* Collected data
lemma dual_mass_field:
  "(\<Sum>b\<in>S. dual_vector b * field y b) = (perron_root - mean_payoff y) * dual_mass y"
proof -
  have "(\<Sum>b\<in>S. dual_vector b * field y b) =
      (\<Sum>b\<in>S. perron_root * (dual_vector b * y b) - dual_rate * (g b * y b)
        + mean_payoff y * (dual_vector b * p b) - mean_payoff y * (dual_vector b * y b))"
  proof (rule sum.cong[OF refl])
    fix b assume b: "b \<in> S"
    have "dual_vector b * field y b = dual_vector b * ((1 - r) * g b) * y b
        + mean_payoff y * (dual_vector b * p b) - mean_payoff y * (dual_vector b * y b)"
      unfolding field_def by (simp add: algebra_simps)
    then show "dual_vector b * field y b = perron_root * (dual_vector b * y b) - dual_rate * (g b * y b)
        + mean_payoff y * (dual_vector b * p b) - mean_payoff y * (dual_vector b * y b)"
      unfolding dual_vector_field_coeff[OF b] by (simp add: algebra_simps)
  qed
  also have "\<dots> = perron_root * dual_mass y - dual_rate * mean_payoff y
      + mean_payoff y * dual_rate - mean_payoff y * dual_mass y"
    unfolding dual_mass_def mean_payoff_def dual_rate_def
    by (simp add: sum.distrib sum_subtractf sum_distrib_left)
  finally show ?thesis
    by (simp add: algebra_simps)
qed

lemma chi2_field:
  "(\<Sum>b\<in>S. dual_vector b * (y b * field y b) / perron_vector b) =
     perron_root * chi2 y - dual_rate * payoff_chi2 y + dual_rate * (mean_payoff y)^2 / perron_root
     - mean_payoff y * chi2 y"
proof -
  have "(\<Sum>b\<in>S. dual_vector b * (y b * field y b) / perron_vector b) =
      (\<Sum>b\<in>S. perron_root * (dual_vector b * (y b)^2 / perron_vector b)
        - dual_rate * (g b * (y b)^2 / perron_vector b)
        + (mean_payoff y * dual_rate / perron_root) * (g b * y b)
        - mean_payoff y * (dual_vector b * (y b)^2 / perron_vector b))"
  proof (rule sum.cong[OF refl])
    fix b assume b: "b \<in> S"
    have "dual_vector b * (y b * field y b) / perron_vector b =
        dual_vector b * ((1 - r) * g b) * (y b)^2 / perron_vector b
        + mean_payoff y * y b * (dual_vector b * p b / perron_vector b)
        - mean_payoff y * (dual_vector b * (y b)^2 / perron_vector b)"
      unfolding field_def using perron_vector_nonzero[OF b]
      by (simp add: field_simps power2_eq_square)
    then show "dual_vector b * (y b * field y b) / perron_vector b =
        perron_root * (dual_vector b * (y b)^2 / perron_vector b)
        - dual_rate * (g b * (y b)^2 / perron_vector b)
        + (mean_payoff y * dual_rate / perron_root) * (g b * y b)
        - mean_payoff y * (dual_vector b * (y b)^2 / perron_vector b)"
      unfolding dual_vector_field_coeff[OF b] dual_vector_p_div[OF b]
      using perron_root_pos perron_vector_nonzero[OF b] by (simp add: field_simps)
  qed
  also have "\<dots> = perron_root * chi2 y - dual_rate * payoff_chi2 y
      + (mean_payoff y * dual_rate / perron_root) * mean_payoff y - mean_payoff y * chi2 y"
    unfolding chi2_def payoff_chi2_def mean_payoff_def
    by (simp add: sum.distrib sum_subtractf sum_distrib_left)
  finally show ?thesis
    by (simp add: power2_eq_square)
qed
lemma Defended_Un_Int_Arg:
  assumes ind: "indep atoms S S'" and E1: "complete_ext vd ctr hat S E1"
    and E2: "E2 \<subseteq> Arg vd S'"
  shows "Defended vd ctr hat (S \<union> S') (E1 \<union> E2) \<inter> Arg vd S = E1"
proof (intro equalityI subsetI)
  fix a
  assume "a \<in> Defended vd ctr hat (S \<union> S') (E1 \<union> E2) \<inter> Arg vd S"
  then show "a \<in> E1"
    using sub_argument_of_Defended_in_complete_ext[OF ind E1 E2, of a a] by blast
next
  fix a
  assume a: "a \<in> E1"
  then have aS: "a \<in> Arg vd S"
    using E1 unfolding complete_ext_def by blast
  then have aU: "a \<in> Arg vd (S \<union> S')"
    using Arg_mono[of S "S \<union> S'"] by blast
  have "defends vd ctr hat (S \<union> S') (E1 \<union> E2) a"
    unfolding defends_def
  proof (intro ballI impI)
    fix b
    assume b: "b \<in> Arg vd (S \<union> S')" and "attacks ctr hat b a"
    then obtain c where c: "c \<in> Arg vd S \<union> Arg vd S'" "fst c \<subseteq> fst b" "attacks ctr hat c a"
      using attack_by_sub_argument[OF ind b aU] by blast
    then have "c \<in> Arg vd S"
      using complete_ext_not_attacked_by_independent[OF ind E1 a] by blast
    then obtain e where "e \<in> E1" "attacks ctr hat e c"
      using E1 a c(3) unfolding complete_ext_def defends_def by blast
    moreover have "finite (fst b)"
      using b unfolding Arg_def by auto
    ultimately show "\<exists>e\<in>E1 \<union> E2. attacks ctr hat e b"
      using c(2) attacks_premise_mono by blast
  qed
  with aS aU show "a \<in> Defended vd ctr hat (S \<union> S') (E1 \<union> E2) \<inter> Arg vd S"
    unfolding Defended_def by blast
qed

lemma Defended_Un_attack_witnessed:
  assumes ind: "indep atoms S S'"
    and E1: "complete_ext vd ctr hat S E1" and E2: "complete_ext vd ctr hat S' E2"
    and c: "c \<in> Defended vd ctr hat (S \<union> S') (E1 \<union> E2)"
    and b: "b \<in> Arg vd (S \<union> S')" and att: "attacks ctr hat c b"
  shows "\<exists>e\<in>E1 \<union> E2. attacks ctr hat e b"
proof -
  have "c \<in> Arg vd (S \<union> S')"
    using c unfolding Defended_def by blast
  then obtain c' where c': "c' \<in> Arg vd S \<union> Arg vd S'" "fst c' \<subseteq> fst c" "attacks ctr hat c' b"
    using attack_by_sub_argument[OF ind _ b att] by blast
  have E1_Arg: "E1 \<subseteq> Arg vd S" and E2_Arg: "E2 \<subseteq> Arg vd S'"
    using E1 E2 unfolding complete_ext_def by blast+
  from c'(1) consider "c' \<in> Arg vd S" | "c' \<in> Arg vd S'"
    by blast
  then have "c' \<in> E1 \<union> E2"
  proof cases
    case 1
    then show ?thesis
      using sub_argument_of_Defended_in_complete_ext[OF ind E1 E2_Arg c 1 c'(2)] by blast
  next
    case 2
    have "c \<in> Defended vd ctr hat (S' \<union> S) (E2 \<union> E1)"
      using c by (simp add: Un_commute)
    then show ?thesis
      using sub_argument_of_Defended_in_complete_ext[OF indep_sym[OF ind] E2 E1_Arg _ 2 c'(2)]
      by blast
  qed
  with c'(3) show ?thesis
    by blast
qed

lemma conflict_free_Un_complete_ext:
  assumes ind: "indep atoms S S'"
    and E1: "complete_ext vd ctr hat S E1" and E2: "complete_ext vd ctr hat S' E2"
  shows "conflict_free ctr hat (E1 \<union> E2)"
proof -
  have "E1 \<subseteq> Arg vd S" "E2 \<subseteq> Arg vd S'"
    and "conflict_free ctr hat E1" "conflict_free ctr hat E2"
    using E1 E2 unfolding complete_ext_def by blast+
  then show ?thesis
    using complete_ext_not_attacked_by_independent[OF ind E1]
      complete_ext_not_attacked_by_independent[OF indep_sym[OF ind] E2]
    unfolding conflict_free_def by blast
qed

end

theorem lemma6:
  fixes atoms :: "'f \<Rightarrow> 'a set"
    and vd :: "'f set \<Rightarrow> 'f \<Rightarrow> bool"
    and ctr :: "'f \<Rightarrow> 'f set"
    and hat :: "'f set \<Rightarrow> 'f set"
    and S S' :: "'f set"
    and E1 E2 E :: "'f arg set"
  assumes "setting vd ctr hat"
    and "pre_relevance atoms vd ctr hat"
    and "indep atoms S S'"
    and "complete_ext vd ctr hat S E1"
    and "complete_ext vd ctr hat S' E2"
    and "E = Defended vd ctr hat (S \<union> S') (E1 \<union> E2)"
  shows "E \<inter> Arg vd S = E1 \<and> E \<inter> Arg vd S' = E2 \<and> complete_ext vd ctr hat (S \<union> S') E"
proof -
  interpret pre_relevant_setting atoms vd ctr hat
    using assms(1,2) by unfold_locales
  note ind = assms(3) and E1 = assms(4) and E2 = assms(5)
  have E1_Arg: "E1 \<subseteq> Arg vd S" and E2_Arg: "E2 \<subseteq> Arg vd S'"
    using E1 E2 unfolding complete_ext_def by blast+
  have E1_part: "E \<inter> Arg vd S = E1"
    using Defended_Un_Int_Arg[OF ind E1 E2_Arg] assms(6) by simp
  have E2_part: "E \<inter> Arg vd S' = E2"
    using Defended_Un_Int_Arg[OF indep_sym[OF ind] E2 E1_Arg] assms(6) by (simp add: Un_commute)
  have "complete_ext vd ctr hat (S \<union> S') E"
    unfolding assms(6)
  proof (rule complete_ext_Defended)
    show "E1 \<union> E2 \<subseteq> Defended vd ctr hat (S \<union> S') (E1 \<union> E2)"
      using E1_part E2_part assms(6) by blast
    show "conflict_free ctr hat (E1 \<union> E2)"
      using ind E1 E2 by (rule conflict_free_Un_complete_ext)
  qed (rule Defended_Un_attack_witnessed[OF ind E1 E2])
  with E1_part E2_part show ?thesis
    by blast
qed

end
(* Let $k\ge2$ be an integer. For every online 1-bounded space $k$-cardinality constrained algorithm $ALG$ and every integer $m\ge3$, there exists an item sequence $I$ such that $OPT_k(I)=m$ and: (A) if $k=2$, $ALG(I)\ge2\cdot OPT_k(I)-2$; (B) if $k\ge3$, $ALG(I)\ge\left(3-\frac2k\right)\cdot OPT_k(I)-5+\frac5k$.
   Context: The $k$-cardinality constrained bin packing problem: an item sequence $I=(a_1,\dots,a_n)\in(0,1]^n$ must be packed into bins of capacity $1$ with at most $k$ items per bin; $OPT_k(I)$ is the minimum number of non-empty bins, $ALG(I)$ the number used by $ALG$. A $k$-cardinality constrained algorithm always outputs packings with at most $k$ items per bin. An online algorithm processes the items in the given order, irrevocably packing each item into a bin before seeing any later item. A bin is open if it contains an item and may still receive items; closed bins never receive further items. A 1-bounded space algorithm keeps at most one open bin at any time, so each item goes either into the most recently opened bin or into a new bin. *)

theory Defs
  imports Complex_Main
begin

text \<open>A deterministic online 1-bounded space algorithm is modelled by its decision
function A: given the items seen so far (the prefix pre) and the current item x,
A pre x = True means "close the current open bin (if any) and put x into a new bin",
A pre x = False means "put x into the current open bin".  Since the algorithm is
deterministic, its earlier decisions are determined by the prefix, so this captures
all online 1-bounded space algorithms.  The state is
(number of bins used, load of the open bin, number of items in the open bin).\<close>

type_synonym online_alg = "real list \<Rightarrow> real \<Rightarrow> bool"

primrec pack_run :: "online_alg \<Rightarrow> real list \<Rightarrow> real list \<Rightarrow> nat \<times> real \<times> nat \<Rightarrow> nat \<times> real \<times> nat" where
  "pack_run A pre [] s = s"
| "pack_run A pre (x # xs) s =
     (case s of (b, l, c) \<Rightarrow>
        if 0 < b \<and> \<not> A pre x
        then pack_run A (pre @ [x]) xs (b, l + x, Suc c)
        else pack_run A (pre @ [x]) xs (Suc b, x, 1))"

definition run :: "online_alg \<Rightarrow> real list \<Rightarrow> nat \<times> real \<times> nat" where
  "run A xs = pack_run A [] xs (0, 0, 0)"

definition ALG :: "online_alg \<Rightarrow> real list \<Rightarrow> nat" where
  "ALG A I = fst (run A I)"

definition valid_items :: "real list \<Rightarrow> bool" where
  "valid_items I \<longleftrightarrow> (\<forall>x\<in>set I. 0 < x \<and> x \<le> 1)"

definition valid_alg :: "nat \<Rightarrow> online_alg \<Rightarrow> bool" where
  "valid_alg k A \<longleftrightarrow>
     (\<forall>pre x. valid_items (pre @ [x]) \<longrightarrow>
        (case run A pre of (b, l, c) \<Rightarrow>
           (0 < b \<and> \<not> A pre x) \<longrightarrow> l + x \<le> 1 \<and> c < k))"

definition feasible_packing :: "nat \<Rightarrow> real list \<Rightarrow> nat \<Rightarrow> bool" where
  "feasible_packing k I m \<longleftrightarrow>
     (\<exists>f :: nat \<Rightarrow> nat. (\<forall>i<length I. f i < m) \<and>
        (\<forall>j<m. (\<Sum>i\<in>{i. i < length I \<and> f i = j}. I ! i) \<le> 1 \<and>
               card {i. i < length I \<and> f i = j} \<le> k))"

definition OPT :: "nat \<Rightarrow> real list \<Rightarrow> nat" where
  "OPT k I = (LEAST m. feasible_packing k I m)"

end

theory Submission
  imports Defs
begin

text \<open>The adversary presents \<open>m(k-2)\<close> tiny items of size \<open>\<epsilon>/k\<close>, followed by a chain of
\<open>2m-2\<close> items close to \<open>1/2\<close> in which any two consecutive items overflow a bin, where
\<open>\<epsilon> = 1/(8m)\<close>. By the cardinality constraint the tiny items occupy at least \<open>m(k-2)/k\<close> bins,
and since the algorithm keeps a single bin open, every chain item except possibly the first
opens a new bin; hence \<open>k \<cdot> ALG \<ge> m(k-2) + k(2m-3)\<close>. Offline, bin \<open>j\<close> takes \<open>k-2\<close> tiny
items and the chain items \<open>2j-2\<close> and \<open>2j+1\<close>, of total size \<open>1-\<epsilon>\<close>, so \<open>m\<close> bins suffice;
and the chain items \<open>1, 0, 2, \<dots>, 2m-4\<close> pairwise overflow a bin, so \<open>m\<close> bins are needed.\<close>

section \<open>Runs of a 1-bounded space algorithm\<close>

lemma pack_run_append:
  "pack_run A pre (xs @ ys) s = pack_run A (pre @ xs) ys (pack_run A pre xs s)"
  by (induction xs arbitrary: pre s) (auto split: prod.split)

lemma run_Nil [simp]: "run A [] = (0, 0, 0)"
  by (simp add: run_def)

lemma run_snoc:
  "run A (xs @ [x]) = (case run A xs of (b, l, c) \<Rightarrow>
     if 0 < b \<and> \<not> A xs x then (b, l + x, Suc c) else (Suc b, x, 1))"
  unfolding run_def pack_run_append by (simp split: prod.split)

lemma valid_items_append [simp]:
  "valid_items (xs @ ys) \<longleftrightarrow> valid_items xs \<and> valid_items ys"
  by (auto simp: valid_items_def)

lemma valid_alg_fits:
  assumes "valid_alg k A" "valid_items (xs @ [x])" "run A xs = (b, l, c)" "0 < b" "\<not> A xs x"
  shows "l + x \<le> 1" "c < k"
  using assms unfolding valid_alg_def by fastforce+

lemma run_open_bin:
  assumes "valid_items xs" "xs \<noteq> []" "run A xs = (b, l, c)"
  shows "0 < b \<and> last xs \<le> l"
  using assms
proof (induction xs arbitrary: b l c rule: rev_induct)
  case Nil
  then show ?case by simp
next
  case (snoc x xs)
  obtain b' l' c' where r: "run A xs = (b', l', c')" by (metis prod_cases3)
  have "0 < x" using snoc.prems(1) by (simp add: valid_items_def)
  moreover have "0 \<le> l'" if "0 < b'"
  proof -
    have "xs \<noteq> []" using that r by (cases "xs = []") simp_all
    then have "last xs \<le> l'" "0 < last xs"
      using snoc.IH[OF _ _ r] snoc.prems(1) by (auto simp: valid_items_def)
    then show ?thesis by simp
  qed
  ultimately show ?case using snoc.prems(3) r by (auto simp: run_snoc split: if_splits)
qed

text \<open>The \<open>b-1\<close> closed bins hold at most \<open>k\<close> items each.\<close>

lemma run_cardinality:
  assumes "valid_alg k A" "1 \<le> k" "valid_items xs" "xs \<noteq> []" "run A xs = (b, l, c)"
  shows "c \<le> k \<and> length xs + k \<le> b * k + c"
  using assms(3-)
proof (induction xs arbitrary: b l c rule: rev_induct)
  case Nil
  then show ?case by simp
next
  case (snoc x xs)
  obtain b' l' c' where r: "run A xs = (b', l', c')" by (metis prod_cases3)
  show ?case
  proof (cases "0 < b' \<and> \<not> A xs x")
    case True
    then have "xs \<noteq> []" using r by (cases "xs = []") simp_all
    then show ?thesis
      using snoc.IH[OF _ _ r] valid_alg_fits(2)[OF assms(1) snoc.prems(1) r] True snoc
      by (auto simp: run_snoc r)
  next
    case False
    have "length xs \<le> b' * k"
      using snoc.IH[OF _ _ r] snoc.prems(1) by (cases "xs = []") auto
    then show ?thesis using False snoc.prems(3) assms(2) by (auto simp: run_snoc r)
  qed
qed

* Your task
Take every line from the data that contains the word "current".

* Solution to this exercise
function A: given the items seen so far (the prefix pre) and the current item x,
A pre x = True means "close the current open bin (if any) and put x into a new bin",
A pre x = False means "put x into the current open bin".  Since the algorithm is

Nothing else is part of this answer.